If container CPU quota is detected, it will become the default number of threads (rounded down, to a minimum of 1) for tmc::ex_cpu. If .set_thread_count() is called explicitly, that will override the quota.

This will be populated if running with docker run --cpus=2.

It will not be populated if running with docker run --cpuset-cpus=0,1, which doesn’t appear as a cgroups limit, and will instead be detected by hwloc as a change in the topology that only exposes 2 cores.

If no limit is detected, this will be 0.0f.

class topology_filter#

Constructs a filter to limit the allowed CPU resources for an executor. The default filter allows everything except EFFICIENCY2 cores (LP E-cores). Calling the same set_* function twice will override the previous set. Calling different set_* functions will produce an allowed set that is the intersection of the two sets.
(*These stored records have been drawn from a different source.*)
theorem proposition1:
  fixes M :: "'a measure" and S :: nat and tau :: "nat \<Rightarrow> 'a \<Rightarrow> real"
    and F :: "('a \<Rightarrow> real) set"
  assumes "prob_space M"
    and "S \<ge> 1"
    and "\<forall>s\<in>{1..S}. tau s \<in> L2fun M"
    and "F \<subseteq> L2fun M"
    and "\<forall>q\<in>prob_simplex S. mix S tau q \<in> F"
  shows "epi_argmin M S tau F = {(f, worst_risk M S tau f) | f. f \<in> regret_argmin M S tau F}
       \<and> epi_argmin M S tau F \<noteq> {}
       \<and> (\<forall>(f, R) \<in> epi_argmin M S tau F. \<exists>q \<in> prob_simplex S.
            (AE x in M. f x = mix S tau q x)
          \<and> (\<forall>s\<in>{1..S}. q s * (mse M f (tau s) - R) = 0)
          \<and> (\<forall>s\<in>{1..S}. mse M f (tau s) \<le> R))"
proof -
  note S = assms(2) and tau = assms(3) and F = assms(4)
  have risk: "worst_risk M S tau f = max_mse M S tau f" if "f \<in> F" for f
    using F worst_risk_eq_max_mse[OF _ tau S] that by blast
  have epi_eq: "epi_argmin M S tau F = {(f, worst_risk M S tau f) | f. f \<in> regret_argmin M S tau F}"
    by (auto simp: epi_argmin_iff[OF S] regret_argmin_def risk)
  obtain q where q: "q \<in> simplex_on {1..S}"
    and opt: "\<forall>g\<in>L2fun M. max_mse M S tau (mix S tau q) \<le> max_mse M S tau g"
    using exists_max_mse_minimizer_in_hull[OF S tau] by blast
  have "mix S tau q \<in> F"
    using q assms(5) simplex_on_subset_prob_simplex by blast
  then have "(mix S tau q, max_mse M S tau (mix S tau q)) \<in> epi_argmin M S tau F"
    using opt F by (auto simp: epi_argmin_iff[OF S])
  then show ?thesis
    using epi_eq epi_argmin_KKT[OF S tau F assms(5)] by blast
qed

end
Be careful as you can easily create an empty set this way.

Public Functions

void set_core_indexes(std::vector<size_t> Indexes)#: Set the allowed core indexes.

void set_group_indexes(std::vector<size_t> Indexes)#: Set the allowed group indexes.

void set_numa_indexes(std::vector<size_t> Indexes)#: Set the allowed NUMA indexes.

topology_filter operator|(topology_filter const &rhs) const#: OR together two filters to produce a filter that allows elements that match any filter. This is a union, not an intersection.

std::vector<size_t> const &core_indexes() const#: Gets the allowed core indexes.

std::vector<size_t> const &group_indexes() const#: Gets the allowed group indexes.

std::vector<size_t> const &numa_indexes() const#: Gets the allowed NUMA indexes.

size_t cpu_kinds() const#: Gets the allowed CPU kinds. This is a bitmap that may combine multiple cpu_kind values.

Topology Functions#

cpu_topology tmc::topology::query()#: Query the system CPU topology. Returns a copy of the topology; modifications to the this copy will have no effect on other systems.

void tmc::topology::pin_thread(topology_filter const &Allowed)#

Pins the current thread to the set of hardware resources defined by the provided filter. You don’t need to call this on any TMC executor threads, but you can call it on an external thread so that it will reside in the same portion of the processor as an executor that it communicates with.

On Apple platforms, direct thread pinning is not allowed. This will set the QoS class based on the cpu_kind of the allowed resources instead. If the allowed resources span multiple cpu_kinds, QoS will not be set.